Apple has acquired emotion-detection startup Emotient as the company continues to invest in businesses in a wide range of niches to add to Apple’s features and technologies.
The Emotient purchase, which Apple made quietly without announcing its terms or sale price, was reported Jan. 7 in The Wall Street Journal.
Emotient provides data about customer attention, engagement and sentiment by analyzing a user’s facial expressions and detecting their feelings with its cloud-based services, according to the company’s Website. “The company is at the vanguard of a new wave of emotion analysis that will lead to a quantum leap in customer understanding and emotion-aware computing,” the site states.
The company’s services give “direct measurement of a customer’s unfiltered emotional response to ads, content, products and customer service or sales interactions,” according to Emotient.
Apple has not said how it will use Emotient’s technologies, the article reported, but the company acknowledged its purchase and refused further comment.
The Emotient acquisition continues Apple’s ongoing acquisition spree, which took on a new fervor in 2015 as the company worked to spend some of the more than $178 billion in cash it amassed in recent years on research and acquisitions.
In November 2015, Apple confirmed that it had acquired motion-capture technology startup Faceshift, which builds applications that capture human facial expressions as animated avatars or characters. Faceshift’s motion-capturing technology has been used in the making of earlier Star Wars movies.
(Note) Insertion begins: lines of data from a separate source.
text \<open>Up to the factor \<open>1/\<gamma>\<close>, the envelope is
  \<open>(t powr (f/4 - 1) + t powr (3f/4 - 1)) * exp (- t/2)\<close>, which dominates every chi-square density
  with between \<open>f/2\<close> and \<open>3f/2\<close> degrees of freedom once \<open>\<gamma>\<close> bounds \<open>Gamma\<close> from below.\<close>

definition chi_sq_envelope :: "real \<Rightarrow> real \<Rightarrow> real \<Rightarrow> real" where
  "chi_sq_envelope f \<gamma> t = (2 powr (f / 4) * Gamma (f / 4) * chi_sq_density (f / 2) t
      + 2 powr (3 * f / 4) * Gamma (3 * f / 4) * chi_sq_density (3 * f / 2) t) / \<gamma>"

lemma integrable_chi_sq_envelope: "f > 0 \<Longrightarrow> integrable lborel (chi_sq_envelope f \<gamma>)"
  unfolding chi_sq_envelope_def
  by (intro integrable_divide Bochner_Integration.integrable_add integrable_mult_right
      integrable_chi_sq_density) auto

lemma chi_sq_density_le_envelope:
  assumes f: "f > 0" and \<gamma>: "\<gamma> > 0" "\<forall>s\<in>{f / 4..3 * f / 4}. \<gamma> \<le> Gamma s"
    and g: "f / 2 \<le> g" "g \<le> 3 * f / 2"
  shows "chi_sq_density g t \<le> chi_sq_envelope f \<gamma> t"
proof (cases "t > 0")
  case False
  then show ?thesis unfolding chi_sq_envelope_def chi_sq_density_def by simp
next
  case True
  have "Gamma (f / 4) \<noteq> 0" "Gamma (3 * f / 4) \<noteq> 0"
    using f by (metis Gamma_real_pos divide_pos_pos less_irrefl mult_pos_pos zero_less_numeral)+
  then have env: "chi_sq_envelope f \<gamma> t = (t powr (f / 4 - 1) + t powr (3 * f / 4 - 1)) * exp (- t / 2) / \<gamma>"
    unfolding chi_sq_envelope_def chi_sq_density_def using True by (simp add: field_simps)
  have "t powr (g / 2 - 1) \<le> t powr (f / 4 - 1) + t powr (3 * f / 4 - 1)"
  proof (cases "t \<le> 1")
    case True
    then have "t powr (g / 2 - 1) \<le> t powr (f / 4 - 1)" using \<open>t > 0\<close> g by (intro powr_mono') auto
    then show ?thesis by (smt (verit) powr_ge_zero)
  next
    case False
    then have "t powr (g / 2 - 1) \<le> t powr (3 * f / 4 - 1)" using g by (intro powr_mono) auto
    then show ?thesis by (smt (verit) powr_ge_zero)
  qed
  moreover have "\<gamma> \<le> 2 powr (g / 2) * Gamma (g / 2)"
    using mult_mono[OF ge_one_powr_ge_zero[of 2 "g / 2"] \<gamma>(2)[rule_format, of "g / 2"]] \<gamma>(1) f g by auto
  ultimately have "t powr (g / 2 - 1) * exp (- t / 2) / (2 powr (g / 2) * Gamma (g / 2))
      \<le> (t powr (f / 4 - 1) + t powr (3 * f / 4 - 1)) * exp (- t / 2) / \<gamma>"
    using \<gamma>(1) by (intro frac_le mult_right_mono) auto
  then show ?thesis unfolding env chi_sq_density_def using True by simp
qed

lemma tendsto_indicator_atMost:
  fixes c :: "nat \<Rightarrow> real"
  assumes c: "c \<longlonglongrightarrow> c0" and t: "t \<noteq> c0"
  shows "(\<lambda>i. indicator {..c i} t :: real) \<longlonglongrightarrow> indicator {..c0} t"
proof (rule tendsto_eventually)
  consider "t < c0" | "c0 < t" using t by linarith
  then show "\<forall>\<^sub>F i in sequentially. indicator {..c i} t = (indicator {..c0} t :: real)"
  proof cases
    case 1
    show ?thesis using order_tendstoD(1)[OF c 1] by eventually_elim (use 1 in \<open>auto simp: indicator_def\<close>)
  next
    case 2
    show ?thesis using order_tendstoD(2)[OF c 2] by eventually_elim (use 2 in \<open>auto simp: indicator_def\<close>)
  qed
qed

lemma cdf_K_law_continuous:
  assumes F: "F \<longlonglongrightarrow> f" and f: "f > 0" and F_pos: "\<And>k. F k > 0"
  shows "(\<lambda>k. cdf (K_law (F k)) x) \<longlonglongrightarrow> cdf (K_law f) x"
proof -
  obtain \<gamma> where \<gamma>: "\<gamma> > 0" "\<forall>s\<in>{f / 4..3 * f / 4}. \<gamma> \<le> Gamma s"
    using Gamma_lower_bound[of "f / 4" "3 * f / 4"] f by auto
  obtain K0 where K0: "\<And>k. k \<ge> K0 \<Longrightarrow> dist (F k) f < f / 2"
    using tendstoD[OF F, of "f / 2"] f unfolding eventually_sequentially by auto
  define G where "G i = F (i + K0)" for i
  have G: "G \<longlonglongrightarrow> f" unfolding G_def using F by (rule LIMSEQ_ignore_initial_segment)
  have G_range: "f / 2 \<le> G i" "G i \<le> 3 * f / 2" for i
    using K0[of "i + K0"] unfolding G_def dist_real_def abs_less_iff by linarith+
  define c where "c i = G i + x * sqrt (2 * G i)" for i
  have c: "c \<longlonglongrightarrow> f + x * sqrt (2 * f)" unfolding c_def by (intro tendsto_intros G)
  have "(\<lambda>i. \<integral>t. indicator {..c i} t * chi_sq_density (G i) t \<partial>lborel)
      \<longlonglongrightarrow> (\<integral>t. indicator {..f + x * sqrt (2 * f)} t * chi_sq_density f t \<partial>lborel)"
  proof (rule integral_dominated_convergence[where w = "chi_sq_envelope f \<gamma>"])
    show "AE t in lborel. (\<lambda>i. indicator {..c i} t * chi_sq_density (G i) t)
        \<longlonglongrightarrow> indicator {..f + x * sqrt (2 * f)} t * chi_sq_density f t"
      using AE_lborel_singleton[of "f + x * sqrt (2 * f)"]
      by eventually_elim (intro tendsto_mult tendsto_indicator_atMost[OF c] tendsto_chi_sq_density[OF G f])
    show "AE t in lborel. norm (indicator {..c i} t * chi_sq_density (G i) t) \<le> chi_sq_envelope f \<gamma> t" for i
    proof (rule AE_I2)
      fix t
      have "0 \<le> chi_sq_density (G i) t" using G_range(1)[of i] f by (intro chi_sq_density_nonneg) linarith
      moreover have "chi_sq_density (G i) t \<le> chi_sq_envelope f \<gamma> t"
        by (rule chi_sq_density_le_envelope[OF f \<gamma> G_range])
      ultimately show "norm (indicator {..c i} t * chi_sq_density (G i) t) \<le> chi_sq_envelope f \<gamma> t"
        by (auto simp: indicator_def)
    qed
  qed (auto intro: integrable_chi_sq_envelope[OF f])
  then have "(\<lambda>i. cdf (K_law (F (i + K0))) x) \<longlonglongrightarrow> cdf (K_law f) x"
    using F_pos f by (simp add: cdf_K_law c_def G_def)
  then show ?thesis by (rule LIMSEQ_offset)
qed

lemma weak_conv_m_K_law:
  "F \<longlonglongrightarrow> f \<Longrightarrow> f > 0 \<Longrightarrow> (\<And>k. F k > 0) \<Longrightarrow> weak_conv_m (\<lambda>k. K_law (F k)) (K_law f)"
  unfolding weak_conv_m_def weak_conv_def using cdf_K_law_continuous by blast

section \<open>The normal limit of K_f as f tends to infinity\<close>

lemma ln_le_half_diff_inverse:
  assumes x: "x \<ge> (1::real)"
  shows "ln x \<le> (x - 1 / x) / 2"
proof -
  have "(\<lambda>z. (z - 1 / z) / 2 - ln z) 1 \<le> (\<lambda>z. (z - 1 / z) / 2 - ln z) x"
  proof (rule DERIV_nonneg_imp_increasing_open[OF x])
    fix z :: real assume z: "1 < z" "z < x"
    have "((\<lambda>z. (z - 1 / z) / 2 - ln z) has_real_derivative (z - 1)\<^sup>2 / (2 * z * z)) (at z)"
      using z by (auto intro!: derivative_eq_intros simp: field_simps power2_eq_square)
    then show "\<exists>y. ((\<lambda>z. (z - 1 / z) / 2 - ln z) has_real_derivative y) (at z) \<and> 0 \<le> y"
      using z by auto
  qed (intro continuous_intros, auto)
  then show ?thesis by simp
qed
In addition, Faceshift has also worked with Intel and Pepsi on previous marketing campaigns that used the company’s motion-capture technology.
In October 2015, Apple bought Perceptio, an artificial intelligence startup that works on ideas that could be integrated into future iPhones. Perceptio’s technology helps smartphone owners more easily organize and store photos on their iPhones, making them easier to find and use. The price of the acquisition and terms of the deal were not announced.
In September 2015, Apple reportedly acquired Mapsense, a mapping visualization startup, for $25 million to $30 million to bolster its mapping assets as it continues to develop better map tools in iOS 9 and other Apple products, according to another eWEEK report. Mapsense works to help customers create data-driven maps for a wide range of business uses, while also offering mapping visualization tools and services to developers and enterprises. Apple has been struggling with mobile mapping services in the last several years, especially compared with Google Maps and its offerings.
In May, Apple acquired Coherent Navigation, a Silicon Valley startup that has been using the Iridium satellite network to develop a commercial, high-precision navigation service for a wide range of industries. The price of that deal was not revealed.
In April, Apple paid about $20 million to acquire LinX Computational Imaging, an Israel-based company that focuses on designing and selling tiny cameras for use in mobile devices, such as smartphones and tablets. According to its Website, LinX “brings revolution to mobile photography” on smartphones, tablets and Ultrabooks through multi-aperture imaging technology. LinX combines innovative image processing and advanced sensor and optics technology to create cameras that offer improved image quality, better low-light performance, improved color fidelity and less shutter lag than competing technologies, according to the company.
In March, Apple acquired the startup behind the Foundation DB database in a move that could be aimed at helping Apple continue to improve and support its own services to its own customers. The companies did not announce financial terms of the acquisition. FoundationDB is a high-performance database that provides NoSQL and SQL capabilities for users. Such databases have become more popular in recent years compared with traditional relational database management systems because they better serve the emerging generation of interactive applications, according to an earlier eWEEK report.
Apple has been spending some of its huge cash pile on other ideas. Apple has been looking to diversify into electric car production, possibly by 2020, as it explores new business opportunities outside its core consumer technology and computer, tablet and smartphone businesses, according to reports.